From 036ebcf3057a2edc2697ba57834506458ec3cd5a Mon Sep 17 00:00:00 2001
From: Andreas Motl <andreas.motl@crate.io>
Date: Sun, 24 Aug 2025 01:59:38 +0200
Subject: [PATCH 11/11] Data modelling: Relocate original page about primary
 keys and sequences

---
 docs/performance/inserts/index.rst     |   1 -
 docs/performance/inserts/sequences.rst | 205 --------------------
 docs/start/modelling/primary-key.md    | 249 +++++++++++++++----------
 3 files changed, 154 insertions(+), 301 deletions(-)
 delete mode 100644 docs/performance/inserts/sequences.rst

diff --git a/docs/performance/inserts/index.rst b/docs/performance/inserts/index.rst
index 6934363e..e11462ac 100644
--- a/docs/performance/inserts/index.rst
+++ b/docs/performance/inserts/index.rst
@@ -30,6 +30,5 @@ This section of the guide will show you how.
    parallel
    tuning
    testing
-   sequences
 
 .. _Abstract Syntax Tree: https://en.wikipedia.org/wiki/Abstract_syntax_tree
diff --git a/docs/performance/inserts/sequences.rst b/docs/performance/inserts/sequences.rst
deleted file mode 100644
index d381d931..00000000
--- a/docs/performance/inserts/sequences.rst
+++ /dev/null
@@ -1,205 +0,0 @@
-.. _autogenerated_sequences_performance:
-
-###########################################################
- Autogenerated sequences and PRIMARY KEY values in CrateDB
-###########################################################
-
-As you begin working with CrateDB, you might be puzzled why CrateDB does not
-have a built-in, auto-incrementing "serial" data type as PostgreSQL or MySQL.
-
-As a distributed database, designed to scale horizontally, CrateDB needs as many
-operations as possible to complete independently on each node without any
-coordination between nodes.
-
-Maintaining a global auto-increment value requires that a node checks with other
-nodes before allocating a new value.

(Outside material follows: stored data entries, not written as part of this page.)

definition invariant_borel_prob ::
  "('g \<Rightarrow> 'a::metric_space \<Rightarrow> 'a) \<Rightarrow> 'a set \<Rightarrow> 'a measure \<Rightarrow> bool" where
  "invariant_borel_prob act S m \<longleftrightarrow>
     prob_space m \<and> space m = S \<and> sets m = sets (restrict_space borel S) \<and>
     (\<forall>g. \<forall>A\<in>sets m. emeasure m (act g -` A \<inter> S) = emeasure m A)"

definition usc_on :: "'a::topological_space set \<Rightarrow> ('a \<Rightarrow> ereal) \<Rightarrow> bool" where
  "usc_on S f \<longleftrightarrow> (\<forall>c. openin (top_of_set S) {x\<in>S. f x < c})"

definition ereal_integral :: "'a measure \<Rightarrow> ('a \<Rightarrow> ereal) \<Rightarrow> ereal" where
  "ereal_integral M f =
     enn2ereal (\<integral>\<^sup>+ x. e2ennreal (f x) \<partial>M) - enn2ereal (\<integral>\<^sup>+ x. e2ennreal (- f x) \<partial>M)"

text \<open>Admissible kernel K on X \<times> Y (values in \<real> \<union> {-\<infinity>}, encoded as ereal \<noteq> \<infinity>).\<close>
definition admissible_kernel ::
  "('g::topological_group_add \<Rightarrow> 'a::metric_space \<Rightarrow> 'a) \<Rightarrow> ('g \<Rightarrow> 'b::metric_space \<Rightarrow> 'b)
   \<Rightarrow> 'a set \<Rightarrow> 'b set \<Rightarrow> 'a measure \<Rightarrow> ('a \<Rightarrow> 'b \<Rightarrow> ereal) \<Rightarrow> bool" where
  "admissible_kernel actX actY X Y mX K \<longleftrightarrow>
     (\<lambda>(x, y). K x y) \<in> borel_measurable (restrict_space borel (X \<times> Y)) \<and>
     (\<exists>B::real. 0 \<le> B \<and> (\<forall>x\<in>X. \<forall>y\<in>Y. K x y \<le> ereal B)) \<and>
     (\<forall>y\<in>Y. (\<integral>\<^sup>+ x. e2ennreal \<bar>K x y\<bar> \<partial>mX) < \<infinity>) \<and>
     (\<forall>y\<in>Y. usc_on X (\<lambda>x. K x y)) \<and>
     (\<forall>g. \<forall>x\<in>X. \<forall>y\<in>Y. K (actX g x) y = K x (actY (- g) y))"

end

theory Submission
  imports Defs
begin

text \<open>For each of h = positive part and h = negative part, Fubini gives
  \<open>\<integral>\<^sub>Y \<integral>\<^sub>X h(K x y) dm\<^sub>X dm\<^sub>Y = \<integral>\<^sub>X \<integral>\<^sub>Y h(K x y) dm\<^sub>Y dm\<^sub>X\<close>, and the inner integral on the right
  does not depend on x: move x to x' by some g, use \<open>K (g x) y = K x (g\<^sup>-\<^sup>1 y)\<close> and the
  G-invariance of \<open>m\<^sub>Y\<close>. Hence it equals \<open>\<integral>\<^sub>Y h(K x\<^sub>0 y) dm\<^sub>Y\<close>. The left side is an average of
  the constant \<open>C\<^sub>K\<close>; the bound \<open>K \<le> B\<^sub>K\<close> keeps the positive parts finite, so the two
  identities can be subtracted.

  Compactness of X and Y is needed only for measurability: it makes them separable, so
  every relatively open subset of \<open>X \<times> Y\<close> is a countable union of measurable rectangles.\<close>

lemma compact_obtains_countable_dense:
  fixes X :: "'a::metric_space set"
  assumes "compact X"
  obtains D where "countable D" "D \<subseteq> X" "\<And>x e. x \<in> X \<Longrightarrow> e > 0 \<Longrightarrow> \<exists>a\<in>D. dist a x < e"
proof -
  have "\<exists>T. finite T \<and> T \<subseteq> X \<and> X \<subseteq> (\<Union>a\<in>T. ball a (inverse (Suc n)))" for n :: nat
  proof -
    have "X \<subseteq> (\<Union>a\<in>X. ball a (inverse (Suc n)))" by auto
    then show ?thesis using compactE_image[OF assms, of X] by (metis open_ball)
  qed
  then obtain T where T: "\<And>n. finite (T n)" "\<And>n. T n \<subseteq> X"
    "\<And>n. X \<subseteq> (\<Union>a\<in>T n. ball a (inverse (Suc n)))"
    by metis
  show ?thesis
  proof
    show "countable (\<Union>n. T n)" using T(1) by (simp add: countable_finite)
    show "(\<Union>n. T n) \<subseteq> X" using T(2) by blast
    fix x and e :: real assume "x \<in> X" "e > 0"
    then obtain n where n: "inverse (Suc n) < e" using reals_Archimedean by blast
    from T(3)[of n] \<open>x \<in> X\<close> obtain a where "a \<in> T n" "dist a x < inverse (Suc n)"
      by (auto simp: mem_ball)
    with n show "\<exists>a\<in>\<Union>n. T n. dist a x < e" by force
  qed
qed

lemma open_Int_Times_in_sets_pair_restrict_borel:
  fixes X :: "'a::metric_space set" and Y :: "'b::metric_space set"
  assumes "compact X" "compact Y" "open W"
  shows "W \<inter> (X \<times> Y) \<in> sets (restrict_space borel X \<Otimes>\<^sub>M restrict_space borel Y)"
proof -
  obtain DX where DX: "countable DX" "\<And>x e. x \<in> X \<Longrightarrow> e > 0 \<Longrightarrow> \<exists>a\<in>DX. dist a x < e"
    using compact_obtains_countable_dense[OF assms(1)] by metis
  obtain DY where DY: "countable DY" "\<And>y e. y \<in> Y \<Longrightarrow> e > 0 \<Longrightarrow> \<exists>b\<in>DY. dist b y < e"
    using compact_obtains_countable_dense[OF assms(2)] by metis
  define I where "I = {(a, b, r). a \<in> DX \<and> b \<in> DY \<and> r \<in> range (\<lambda>n::nat. inverse (Suc n))
    \<and> ball a r \<times> ball b r \<subseteq> W}"
  define R where "R = (\<lambda>(a, b, r). (ball a r \<inter> X) \<times> (ball b r \<inter> Y))"
  have "countable I"
  proof (rule countable_subset)
    show "I \<subseteq> DX \<times> DY \<times> range (\<lambda>n::nat. inverse (real (Suc n)))"
      unfolding I_def by auto
  qed (use DX(1) DY(1) in auto)
  moreover have "R i \<in> sets (restrict_space borel X \<Otimes>\<^sub>M restrict_space borel Y)" for i
    unfolding R_def
    by (auto simp: sets_restrict_space Int_commute intro!: pair_measureI image_eqI split: prod.split)
  moreover have "W \<inter> (X \<times> Y) = (\<Union>i\<in>I. R i)"
  proof
    show "(\<Union>i\<in>I. R i) \<subseteq> W \<inter> (X \<times> Y)"
      unfolding I_def R_def by auto
    show "W \<inter> (X \<times> Y) \<subseteq> (\<Union>i\<in>I. R i)"
    proof clarify
      fix x y assume xy: "(x, y) \<in> W" "x \<in> X" "y \<in> Y"
      obtain e where "e > 0" "ball (x, y) e \<subseteq> W"
        using assms(3) xy(1) open_contains_ball by blast
      obtain n where n: "inverse (Suc n) < e / 4"
        using reals_Archimedean \<open>e > 0\<close> by (metis zero_less_divide_iff zero_less_numeral)
      define r :: real where "r = inverse (Suc n)"
      obtain a b where ab: "a \<in> DX" "dist a x < r" "b \<in> DY" "dist b y < r"
        using DX(2)[OF xy(2)] DY(2)[OF xy(3)] r_def
        by (metis inverse_positive_iff_positive of_nat_0_less_iff zero_less_Suc)
      have "ball a r \<times> ball b r \<subseteq> W"
      proof clarify
        fix u v assume "u \<in> ball a r" "v \<in> ball b r"
        then have "dist x u < 2 * r" "dist y v < 2 * r"
          using ab dist_triangle3[of x u a] dist_triangle3[of y v b] by auto
        then have "dist (x, y) (u, v) < e"
          using dist_Pair_Pair[of x y u v] sqrt_sum_squares_le_sum[of "dist x u" "dist y v"] n r_def
          by simp
        then show "(u, v) \<in> W" using \<open>ball (x, y) e \<subseteq> W\<close> by auto
      qed
      then have "(a, b, r) \<in> I" unfolding I_def r_def using ab by auto
      moreover have "(x, y) \<in> R (a, b, r)" unfolding R_def using ab xy by (auto simp: dist_commute)
      ultimately show "(x, y) \<in> (\<Union>i\<in>I. R i)" by blast
    qed
  qed
  ultimately show ?thesis by (metis sets.countable_UN'')
qed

This bottleneck would be hindering our
-ability to achieve `extremely fast ingestion speeds`_.
-
-That said, there are many alternatives available and we can also implement true
-consistent/synchronized sequences if we want to.
-
-************************************
- Using a timestamp as a primary key
-************************************
-
-This option involves declaring a column as follows:
-
-.. code:: psql
-
-   BIGINT DEFAULT now() PRIMARY KEY
-
-:Pros:
-   Always increasing number - ideal if we need to timestamp records creation
-   anyway
-
-:Cons:
-   gaps between the numbers, not suitable if we may have more than one record on
-   the same millisecond
-
-*************
- Using UUIDs
-*************
-
-This option involves declaring a column as follows:
-
-.. code:: psql
-
-   TEXT DEFAULT gen_random_text_uuid() PRIMARY KEY
-
-:Pros:
-   Globally unique, no risk of conflicts if merging things from different
-   tables/environments
-
-:Cons:
-   No order guarantee. Not as human-friendly as numbers. String format may not
-   be applicable to cover all scenarios. Range queries are not possible.
-
-************************
- Use UUIDv7 identifiers
-************************
-
-`Version 7 UUIDs`_ are a relatively new kind of UUIDs which feature a
-time-ordered value. We can use these in CrateDB with an UDF_ with the code from
-`UUIDv7 in N languages`_.
-
-:Pros:
-   Same as `gen_random_text_uuid` above but almost sequential, which enables
-   range queries.
-
-:Cons:
-   not as human-friendly as numbers and slight performance impact from UDF use
-
-*********************************
- Use IDs from an external system
-*********************************
-
-In cases where data is imported into CrateDB from external systems that employ
-identifier governance, CrateDB does not need to generate any identifier values
-and primary key values can be inserted as-is from the source system.
-
-See `Replicating data from other databases to CrateDB with Debezium and Kafka`_
-for an example.
-
-*********************
- Implement sequences
-*********************
-
-This approach involves a table to keep the latest values that have been consumed
-and client side code to keep it up-to-date in a way that guarantees unique
-values even when many ingestion processes run in parallel.
-
-:Pros:
-   Can have any arbitrary type of sequences, (we may for instance want to
-   increment values by 10 instead of 1 - prefix values with a year number -
-   combine numbers and letters - etc)
-
-:Cons:
-   Need logic for the optimistic update implemented client-side, the sequences
-   table becomes a bottleneck so not suitable for high-velocity ingestion
-   scenarios
-
-We will first create a table to keep the latest values for our sequences:
-
-.. code:: psql
-
-   CREATE TABLE sequences (
-           name TEXT PRIMARY KEY,
-           last_value BIGINT
-   ) CLUSTERED INTO 1 SHARDS;
-
-We will then initialize it with one new sequence at 0:
-
-.. code:: psql
-
-   INSERT INTO sequences (name,last_value)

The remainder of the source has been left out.